Instructions and custom scripts for anlaysis of Tiled-C data in our Nature Communications paper here:
https://www.nature.com/articles/s41467-022-28376-8
Details are available in the methods section of the paper. Any questions that arise should be directed to dominic.owens@utoronto.ca
The initial part of the analysis is based on Oudelaar et al 2020. Please see:
Oudelaar, A.M., Beagrie, R.A., Gosden, M. et al. Dynamics of the 4D genome during in vivo lineage specification and differentiation. Nat Commun 11, 2722 (2020). https://doi.org/10.1038/s41467-020-16598-7
This uses the Hi-CPro pipeline (Servant et al. Genome Biol 2015; https://github.com/nservant/HiC-Pro)
Please see this link for additional details: https://github.com/oudelaar/TiledC
Raw matrix data and quality control plots and statistics are included in this github submission. Raw sequencing data has been uploaded to GEO. https://www.ncbi.nlm.nih.gov/geo/query/acc.cgi?acc=GSE184490
R code by Dominic Owens:
DISCLAIMER: The following R scripts are separated into sections with a description of what each one performs. The author developed this collection of scripts to meet his research team's specific data analysis needs and makes NO CLAIMS to their constituting a complete R package that will accept different inputs and reproducibly give a desired output across operating systems. These scripts are being shared in the spirit of open science and to facilitate reproduction of the analyses done in our paper. These scripts could also serve as a useful starting point for user's own analysis. Inputs should be checked carefully as they may differ depending on your situation (eg number of samples, naming of samples, directory structures etc.) The outputs of each step MUST be checked to make sure they are being produced in a desired / expected format.
- 1_TileR_replicateAnalysis_ReporterNumbers_200322
- 1-2_TileR_2kb_raw_contactNumPerBaitPerSample_200404
- 1-3_TileR_2kb_raw_contactNumPerBaitPerSample_merged_200404 (to determine and plot reporter numbers PER BAIT in each individual sample and merged samples)
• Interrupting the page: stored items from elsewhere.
lemma delannoy_recurrence:
  "int (n + 2) * delannoy (n + 2) z
     = (2 * z + 1) * int (2 * n + 3) * delannoy (n + 1) z - int (n + 1) * delannoy n z"
proof -
  define N where "N = n + 1"
  have tail: "delannoy m z = 1 + (\<Sum>i\<le>N. delannoy_coeff m (i + 1) * z ^ (i + 1))"
    if "m \<le> n + 2" for m
  proof -
    have "delannoy m z = (\<Sum>j\<le>Suc N. delannoy_coeff m j * z ^ j)"
      using delannoy_eq_sum_coeff that N_def by simp
    also have "\<dots> = delannoy_coeff m 0 * z ^ 0 + (\<Sum>i\<le>N. delannoy_coeff m (Suc i) * z ^ Suc i)"
      by (rule sum.atMost_Suc_shift)
    finally show ?thesis by (simp add: delannoy_coeff_def)
  qed
  have shifted: "z * delannoy (n + 1) z = (\<Sum>i\<le>N. delannoy_coeff (n + 1) i * z ^ (i + 1))"
    unfolding N_def
    by (subst delannoy_eq_sum_coeff[of _ "n + 1"]) (auto simp: sum_distrib_left algebra_simps)
  have "(2 * z + 1) * int (2 * n + 3) * delannoy (n + 1) z - int (n + 1) * delannoy n z
        - int (n + 2) * delannoy (n + 2) z
      = 2 * int (2 * n + 3) * (z * delannoy (n + 1) z) + int (2 * n + 3) * delannoy (n + 1) z
        - int (n + 1) * delannoy n z - int (n + 2) * delannoy (n + 2) z"
    by (simp add: algebra_simps)
  also have "\<dots> = (\<Sum>i\<le>N. (int (2 * n + 3) * (delannoy_coeff (n + 1) (i + 1) + 2 * delannoy_coeff (n + 1) i)
           - int (n + 1) * delannoy_coeff n (i + 1) - int (n + 2) * delannoy_coeff (n + 2) (i + 1))
           * z ^ (i + 1))"
    using tail[of n] tail[of "n + 1"] tail[of "n + 2"] unfolding shifted
    by (simp add: algebra_simps sum_distrib_left sum.distrib sum_subtractf)
  also have "\<dots> = 0"
    by (intro sum.neutral ballI) (simp only: delannoy_coeff_recurrence diff_self mult_zero_left)
  finally show ?thesis by simp
qed

lemma delannoy_reflect: "delannoy n (- 1 - z) = (- 1) ^ n * delannoy n z"
proof (induction n rule: induct_nat_012)
  case (ge2 n)
  have "int (n + 2) * delannoy (n + 2) (- 1 - z)
      = (2 * (- 1 - z) + 1) * int (2 * n + 3) * delannoy (n + 1) (- 1 - z) - int (n + 1) * delannoy n (- 1 - z)"
    by (rule delannoy_recurrence)
  also have "\<dots> = (- 1) ^ (n + 2) * ((2 * z + 1) * int (2 * n + 3) * delannoy (n + 1) z - int (n + 1) * delannoy n z)"
    using ge2.IH by (simp add: algebra_simps)
  also have "\<dots> = int (n + 2) * ((- 1) ^ (n + 2) * delannoy (n + 2) z)"
    by (simp only: delannoy_recurrence[symmetric]) (simp add: algebra_simps)
  finally show ?case by simp
qed (simp_all add: delannoy_def)

lemma delannoy_coeff_central_binomial:
  "delannoy_coeff k j = int ((2 * j) choose j) * int ((k + j) choose (2 * j))"
proof -
  have "real ((k + j) choose (2 * j)) = pochhammer (real k - real j + 1) (2 * j) / fact (2 * j)"
    by (simp add: binomial_gbinomial gbinomial_pochhammer' algebra_simps)
  moreover have "real ((2 * j) choose j) = fact (2 * j) / (fact j)\<^sup>2"
    by (simp add: binomial_fact mult_2 power2_eq_square)
  ultimately have "real_of_int (delannoy_coeff k j)
      = real_of_int (int ((2 * j) choose j) * int ((k + j) choose (2 * j)))"
    unfolding delannoy_coeff_pochhammer by simp
  then show ?thesis by (simp only: of_int_eq_iff)
qed

lemma sum_choose_shifted: "(\<Sum>k<n. (k + j) choose (2 * j)) = (n + j) choose (2 * j + 1)"
  by (induction n) (simp_all add: binomial_eq_0)

lemma prime_dvd_choose:
  assumes "prime p" "k \<le> n" "p \<le> n" "k < p" "n - k < p"
  shows "p dvd (n choose k)"
proof -
  have "p dvd fact k * fact (n - k) * (n choose k)"
    using assms by (simp add: binomial_fact_lemma prime_dvd_fact_iff)
  moreover have "\<not> p dvd fact k * fact (n - k)"
    using assms by (simp add: prime_dvd_fact_iff prime_dvd_mult_iff)
  ultimately show ?thesis
    using assms(1) by (simp add: prime_dvd_mult_iff)
qed

lemma choose_diff_one_prime_cong:
  assumes "prime p" "k < p"
  shows "[int ((p - 1) choose k) = (- 1) ^ k] (mod int p)"
  using assms(2)
proof (induction k)
  case (Suc k)
  have "p choose Suc k = ((p - 1) choose k) + ((p - 1) choose Suc k)"
    using assms(1) prime_gt_0_nat by (metis Suc_pred' binomial_Suc_Suc)
  moreover have "p dvd (p choose Suc k)"
    using Suc.prems assms(1) by (intro prime_dvd_choose) auto
  ultimately have "[int ((p - 1) choose Suc k) = - int ((p - 1) choose k)] (mod int p)"
    by (simp add: cong_iff_dvd_diff add.commute flip: of_nat_add int_dvd_int_iff)
  also have "[- int ((p - 1) choose k) = - ((- 1) ^ k)] (mod int p)"
    using Suc by (simp add: cong_minus_minus_iff)
  finally show ?case by simp
qed simp

lemma choose_prime_add_cong:
  assumes "prime p" "h < p"
  shows "[int ((p + h) choose h) = 1] (mod int p)"
proof -
  have "(p + h) choose h = (\<Sum>i\<le>h. (p choose i) * (h choose (h - i)))"
    by (rule vandermonde[symmetric])
  also have "\<dots> = 1 + (\<Sum>i\<in>{1..h}. (p choose i) * (h choose (h - i)))"
    by (simp add: atMost_atLeast0 sum.atLeast_Suc_atMost)
  finally have "int ((p + h) choose h) - 1 = int (\<Sum>i\<in>{1..h}. (p choose i) * (h choose (h - i)))"
    by simp
  moreover have "p dvd (\<Sum>i\<in>{1..h}. (p choose i) * (h choose (h - i)))"
    using assms by (intro dvd_sum dvd_mult2 prime_dvd_choose) auto
  ultimately have "int p dvd int ((p + h) choose h) - 1"
    by (simp only: int_dvd_int_iff)
  then show ?thesis
    by (simp add: cong_iff_dvd_diff)
qed

definition delannoy_moment :: "int \<Rightarrow> nat \<Rightarrow> nat \<Rightarrow> int" where
  "delannoy_moment z v n = (\<Sum>k<n. (2 * int k + 1) ^ (2 * v) * delannoy k z)"

lemma delannoy_moment_zero_cong:
  assumes "prime p" "odd p"
  shows "[delannoy_moment z 0 p = (- z) ^ ((p - 1) div 2)] (mod int p)"
proof -
  define h where "h = (p - 1) div 2"
  have p: "p = 2 * h + 1" using assms(2) unfolding h_def by simp
  define T where "T j = z ^ j * int ((2 * j) choose j) * int ((p + j) choose (2 * j + 1))" for j
  have "delannoy_moment z 0 p = (\<Sum>k<p. \<Sum>j\<le>p - 1. delannoy_coeff k j * z ^ j)"
    unfolding delannoy_moment_def by (intro sum.cong refl) (auto intro!: delannoy_eq_sum_coeff)
  also have "\<dots> = (\<Sum>j\<le>p - 1. \<Sum>k<p. delannoy_coeff k j * z ^ j)"
    by (rule sum.swap)
  also have "\<dots> = (\<Sum>j\<le>p - 1. T j)"
  proof (rule sum.cong[OF refl])
    fix j
    have "(\<Sum>k<p. delannoy_coeff k j * z ^ j)
        = z ^ j * int ((2 * j) choose j) * int (\<Sum>k<p. (k + j) choose (2 * j))"
      by (simp add: delannoy_coeff_central_binomial sum_distrib_left algebra_simps)
    then show "(\<Sum>k<p. delannoy_coeff k j * z ^ j) = T j"
      unfolding T_def sum_choose_shifted .
  qed
  also have "\<dots> = T h + (\<Sum>j\<in>{..p - 1} - {h}. T j)"
    by (rule sum.remove) (auto simp: p)
  finally have split: "delannoy_moment z 0 p = T h + (\<Sum>j\<in>{..p - 1} - {h}. T j)" .
  have "int p dvd T j" if "j \<in> {..p - 1} - {h}" for j
  proof (cases "j < h")
    case True
    then have "p dvd ((p + j) choose (2 * j + 1))"
      using assms(1) by (intro prime_dvd_choose) (auto simp: p)
    then show ?thesis unfolding T_def by (simp flip: int_dvd_int_iff)
  next
    case False
    then have "p dvd ((2 * j) choose j)"
      using that assms(1) by (intro prime_dvd_choose) (auto simp: p)
    then show ?thesis unfolding T_def by (metis dvd_mult2 dvd_mult int_dvd_int_iff mult.assoc)
  qed
  then have rest: "[(\<Sum>j\<in>{..p - 1} - {h}. T j) = 0] (mod int p)"
    unfolding cong_0_iff by (rule dvd_sum)
  have central: "(2 * h) choose h = (p - 1) choose h"
    using p by simp
  have upper: "(p + h) choose (2 * h + 1) = (p + h) choose h"
    using binomial_symmetric[of p "p + h"] p by simp
  have "[T h = z ^ h * (- 1) ^ h * 1] (mod int p)"
    unfolding T_def central upper using assms(1) p
    by (intro cong_mult cong_refl choose_diff_one_prime_cong choose_prime_add_cong) simp_all
  with rest have "[delannoy_moment z 0 p = z ^ h * (- 1) ^ h * 1 + 0] (mod int p)"
    unfolding split by (intro cong_add)
  then show ?thesis
    unfolding h_def[symmetric] by (simp add: power_mult_distrib[symmetric] mult.commute)
qed

lemma sum_atMost_even_pairs:
  fixes f :: "nat \<Rightarrow> 'a :: comm_monoid_add"
  shows "(\<Sum>i\<le>2 * n. f i) = f 0 + (\<Sum>j = 1..n. f (2 * j - 1) + f (2 * j))"
proof (induction n)
  case (Suc n)
  have "(\<Sum>i\<le>2 * Suc n. f i) = (\<Sum>i\<le>2 * n. f i) + f (2 * n + 1) + f (2 * n + 2)"
    by (simp add: add.assoc)
  then show ?case using Suc by (simp add: add.assoc)
qed simp

lemma shifted_odd_power_identity:
  fixes u :: int
  assumes "v \<ge> 1"
  shows "(u + 1) * (u + 2) ^ (2 * v - 1) + (u - 1) * (u - 2) ^ (2 * v - 1)
       = 2 * u ^ (2 * v) + 4 * (\<Sum>j = 1..v. e_coeff (2 * v - 1) j * u ^ (2 * (v - j)))"
proof -
  define s where "s = 2 * v - 1"
  define h where "h i = int (s choose i) * u ^ (s - i) * ((u + 1) * 2 ^ i + (u - 1) * (- 2) ^ i)" for i
  have "(u + 2) ^ s = (\<Sum>i\<le>s. int (s choose i) * 2 ^ i * u ^ (s - i))"
    and "(u - 2) ^ s = (\<Sum>i\<le>s. int (s choose i) * (- 2) ^ i * u ^ (s - i))"
    using binomial_ring[of 2 u s] binomial_ring[of "- 2" u s] by (simp_all add: add.commute)
  then have "(u + 1) * (u + 2) ^ s + (u - 1) * (u - 2) ^ s = (\<Sum>i\<le>s. h i)"
    unfolding h_def by (simp add: sum_distrib_left sum.distrib[symmetric] algebra_simps)
  also have "\<dots> = (\<Sum>i\<le>2 * v. h i)"
    using assms by (intro sum.mono_neutral_left) (auto simp: h_def s_def)
  also have "\<dots> = h 0 + (\<Sum>j = 1..v. h (2 * j - 1) + h (2 * j))"
    by (rule sum_atMost_even_pairs)
  also have "\<dots> = 2 * u ^ (2 * v) + (\<Sum>j = 1..v. 4 * (e_coeff s j * u ^ (2 * (v - j))))"
  proof -
    have "h 0 = 2 * u ^ (2 * v)"
      using assms by (simp add: h_def s_def algebra_simps flip: power_Suc)
    moreover have "h (2 * j - 1) + h (2 * j) = 4 * (e_coeff s j * u ^ (2 * (v - j)))"
      if "j \<in> {1..v}" for j
    proof -
      define t where "t = j - 1"
      have j: "j = Suc t" using that by (simp add: t_def)
      have signs: "(- 2 :: int) ^ (2 * j - 1) = - (2 ^ (2 * j - 1))" "(- 2 :: int) ^ (2 * j) = 2 ^ (2 * j)"
        by (simp_all add: j power_minus_odd)
      have powers: "(2 :: int) ^ (2 * j - 1) = 2 * 2 ^ (2 * j - 2)" "(2 :: int) ^ (2 * j) = 4 * 2 ^ (2 * j - 2)"
        by (simp_all add: j)
      have "s - (2 * j - 1) = 2 * (v - j)"
        using that unfolding s_def by simp
      then have odd_term: "h (2 * j - 1) = 4 * int (s choose (2 * j - 1)) * 2 ^ (2 * j - 2) * u ^ (2 * (v - j))"
        unfolding h_def signs powers by (simp add: algebra_simps)
      have "int (s choose (2 * j)) * u ^ (s - 2 * j) * u = int (s choose (2 * j)) * u ^ (2 * (v - j))"
      proof (cases "j < v")
        case True
        then have "s - 2 * j + 1 = 2 * (v - j)" unfolding s_def by simp
        then show ?thesis by (metis mult.assoc power_Suc2 Suc_eq_plus1)
      qed (use that in \<open>simp add: s_def binomial_eq_0\<close>)
      then have even_term: "h (2 * j) = 8 * int (s choose (2 * j)) * 2 ^ (2 * j - 2) * u ^ (2 * (v - j))"
        unfolding h_def signs powers by (simp add: algebra_simps)
      show ?thesis
        unfolding odd_term even_term e_coeff_def powers(1) by (simp add: algebra_simps)
    qed
    ultimately show ?thesis by simp
  qed
  finally show ?thesis
    by (simp add: s_def sum_distrib_left)
qed

lemma delannoy_telescoping_sum:
  fixes w :: "int \<Rightarrow> int"
  shows "(\<Sum>k<n. delannoy k z * (int k * w (int k - 1) + (int k + 1) * w (int k + 1)
                                  - (2 * z + 1) * (2 * int k + 1) * w (int k)))
       = int n * (w (int n) * delannoy (n - 1) z - w (int n - 1) * delannoy n z)"
proof (induction n)
  case (Suc n)
  have "int (n + 1) * delannoy (n + 1) z = (2 * z + 1) * int (2 * n + 1) * delannoy n z - int n * delannoy (n - 1) z"
    using delannoy_recurrence[of "n - 1" z] by (cases n) (simp_all add: delannoy_def algebra_simps)
  moreover have "int n * (w (int n) * delannoy (n - 1) z - w (int n - 1) * delannoy n z)
      + delannoy n z * (int n * w (int n - 1) + (int n + 1) * w (int n + 1) - (2 * z + 1) * (2 * int n + 1) * w (int n))
      - int (Suc n) * (w (int (Suc n)) * delannoy (Suc n - 1) z - w (int (Suc n) - 1) * delannoy (Suc n) z)
    = w (int n) * (int (n + 1) * delannoy (n + 1) z
                   - ((2 * z + 1) * int (2 * n + 1) * delannoy n z - int n * delannoy (n - 1) z))"
    by (simp add: algebra_simps)
  ultimately show ?case
    using Suc.IH by simp
qed simp

lemma delannoy_moment_recurrence:
  assumes "v \<ge> 1"
  shows "2 * ((\<Sum>j = 1..v. e_coeff (2 * v - 1) j * delannoy_moment z (v - j) n) - z * delannoy_moment z v n)
       = int n * ((2 * int n + 1) ^ (2 * v - 1) * delannoy (n - 1) z
                  - (2 * int n - 1) ^ (2 * v - 1) * delannoy n z)"
proof -
  define w where "w t = (2 * t + 1) ^ (2 * v - 1)" for t :: int
  have weight: "int k * w (int k - 1) + (int k + 1) * w (int k + 1) - (2 * z + 1) * (2 * int k + 1) * w (int k)
      = 2 * (\<Sum>j = 1..v. e_coeff (2 * v - 1) j * (2 * int k + 1) ^ (2 * (v - j))) - 2 * z * (2 * int k + 1) ^ (2 * v)"
    for k
  proof -
    define u where "u = 2 * int k + 1"
    define A B C E where "A = (u - 2) ^ (2 * v - 1)" and "B = (u + 2) ^ (2 * v - 1)"
      and "C = u ^ (2 * v - 1)" and "E = (\<Sum>j = 1..v. e_coeff (2 * v - 1) j * u ^ (2 * (v - j)))"
    have "u ^ (2 * v) = u * C"
      using assms unfolding C_def by (simp flip: power_Suc)
    then have "(u + 1) * B + (u - 1) * A = 2 * (u * C) + 4 * E"
      using shifted_odd_power_identity[OF assms, of u] unfolding A_def B_def E_def by simp
    then have "int k * A + (int k + 1) * B - (2 * z + 1) * u * C = 2 * E - 2 * z * (u * C)"
      unfolding u_def by (simp add: algebra_simps)
    moreover have "w (int k - 1) = A" "w (int k + 1) = B" "w (int k) = C"
      unfolding w_def A_def B_def C_def u_def by (simp_all add: algebra_simps)
    ultimately show ?thesis
      using \<open>u ^ (2 * v) = u * C\<close> unfolding E_def u_def by simp
  qed
  have "int n * ((2 * int n + 1) ^ (2 * v - 1) * delannoy (n - 1) z - (2 * int n - 1) ^ (2 * v - 1) * delannoy n z)
      = (\<Sum>k<n. delannoy k z * (int k * w (int k - 1) + (int k + 1) * w (int k + 1)
                                  - (2 * z + 1) * (2 * int k + 1) * w (int k)))"
    unfolding delannoy_telescoping_sum by (simp add: w_def algebra_simps)
  also have "\<dots> = (\<Sum>k<n. 2 * (\<Sum>j = 1..v. e_coeff (2 * v - 1) j * ((2 * int k + 1) ^ (2 * (v - j)) * delannoy k z))
                         - 2 * z * ((2 * int k + 1) ^ (2 * v) * delannoy k z))"
    unfolding weight by (simp add: sum_distrib_left sum_distrib_right algebra_simps)
  also have "\<dots> = 2 * ((\<Sum>j = 1..v. e_coeff (2 * v - 1) j * delannoy_moment z (v - j) n) - z * delannoy_moment z v n)"
    unfolding delannoy_moment_def
    by (simp add: sum_subtractf sum_distrib_left right_diff_distrib mult.assoc sum.swap[of _ "{..<n}"])
  finally show ?thesis by simp
qed
(* For every group $G$, $S(G) = \bigcap_{N \lhd G,\ |G:N|<\infty} F_N(G)$.
   Context: $S(G) := \{ x \in G : x^{|G:H|} \in H \text{ for every subgroup } H \leqslant G \text{ of finite index}\}$. For a group $X$, the Fitting subgroup $F(X)$ is the subgroup generated by all nilpotent normal subgroups of $X$. For $N \lhd G$, $F_N(G)$ denotes the preimage of $F(G/N)$ under the projection $G \to G/N$. *)

theory Defs
  imports "HOL-Algebra.Algebra"
begin

definition comm_subgroup :: "('a, 'b) monoid_scheme \<Rightarrow> 'a set \<Rightarrow> 'a set \<Rightarrow> 'a set" where
  "comm_subgroup G A B = generate G
     {a \<otimes>\<^bsub>G\<^esub> b \<otimes>\<^bsub>G\<^esub> inv\<^bsub>G\<^esub> a \<otimes>\<^bsub>G\<^esub> inv\<^bsub>G\<^esub> b | a b. a \<in> A \<and> b \<in> B}"

text \<open>Lower central series: gamma_1 = G (index 0), gamma_(i+1) = [gamma_i, G].\<close>
fun lower_central :: "('a, 'b) monoid_scheme \<Rightarrow> nat \<Rightarrow> 'a set" where
  "lower_central G 0 = carrier G"
| "lower_central G (Suc n) = comm_subgroup G (lower_central G n) (carrier G)"

definition nilpotent_group :: "('a, 'b) monoid_scheme \<Rightarrow> bool" where
  "nilpotent_group G \<longleftrightarrow> group G \<and> (\<exists>n. lower_central G n = {\<one>\<^bsub>G\<^esub>})"

definition fitting :: "('a, 'b) monoid_scheme \<Rightarrow> 'a set" where
  "fitting Y = generate Y (\<Union>{K. normal K Y \<and> nilpotent_group (Y\<lparr>carrier := K\<rparr>)})"

definition fitting_rel :: "('a, 'b) monoid_scheme \<Rightarrow> 'a set \<Rightarrow> 'a set" where
  "fitting_rel G N = {x \<in> carrier G. N #>\<^bsub>G\<^esub> x \<in> fitting (G Mod N)}"

text \<open>S(G).  A subgroup H has finite index iff rcosets H is finite; the index is its card.\<close>
definition S_set :: "('a, 'b) monoid_scheme \<Rightarrow> 'a set" where
  "S_set G = {x \<in> carrier G. \<forall>H. subgroup H G \<and> finite (rcosets\<^bsub>G\<^esub> H)
        \<longrightarrow> x [^]\<^bsub>G\<^esub> card (rcosets\<^bsub>G\<^esub> H) \<in> H}"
2. Performing clustering of individual samples and perform statistical testing (DESeq2) between genotypes and between cell types
- 2_TileR_replicateAnalysis_DESeq_diffIntFrags_nonIced_matrices_v2_200324
- 2-2_TileR_replicateAnalysis_DESeq_diffIntFrags_nonIced_matrices_justWT_200324 (to plot PCA and heatmap of just WT samples)
- 3_TileR_replicateAnalysis_iced_normMatrices_200327
- 4_TileR_2kb_iced_200331 (bedGraph tracks outputted as hubs, including the replicate information as a SD (light colour above the track in UCSC))
Once individual replicates seem okay (clustering was okay and low sd on virtual CapC plots) then MERGE sam files into one sam file for each biological genotype/tissue like this
samtools merge mergedOutput.sam in1.sam in2.sam in3.sam
Then follow the above ICE normalisation procedue as describe in Part 1 to get a single ICE normalised matrix for each genotype/tissue
- 5_TileR_replicateAnalysis_ReporterNumbers_merged_libs_200322 (Input is merged and ICE normalised matrices)
6. Normalising merged replicate matrices and subtracting to allow comparison between genotypes and cell types
- 6_TileR_subtractionAndSubsetR_DESeq_filt_200322
Input is merged iced matrices Outputs are -- normalised matrices over whole tiled window -- normalised matrices over smaller specified window -- subtracted matrices over whole tiled window -- subtracted matrices over smaller specified window -- DESeq2 differential bins over whole tiled window -- DESeq2 differential bins over smaller specified window
- 7_totalPromContacts_2kb_iced_scaled_200422
Input is iced and scaled matrices
- 8_enhPromContacts_2kb_iced_scaled_200423
- 9_ctcfPromContacts_2kb_iced_scaled_200424
- 10_TAD_insScore_2kb_iced_scaled_201020
- 11_ctcfCTCFContacts_2kb_iced_scaled_201117
Plotting matrices code was orignally written by Marieke Oudelaar. See the file here: https://github.com/oudelaar/TiledC/blob/master/TiledC_matrix_visualisation.py
Further development was done to automate the process for multiple matrices in a directory and to allow custom colour maps:
- mainPlotter_relThresh_customCmap
Make sure to set your directories accordingly and to set the n_bins to the right number. You can derive this from the coordinates.bed file generated by Tiled_sam2rawmatrix_MO.pl. You should also specify a threshold for plotting (95th is a good starting point).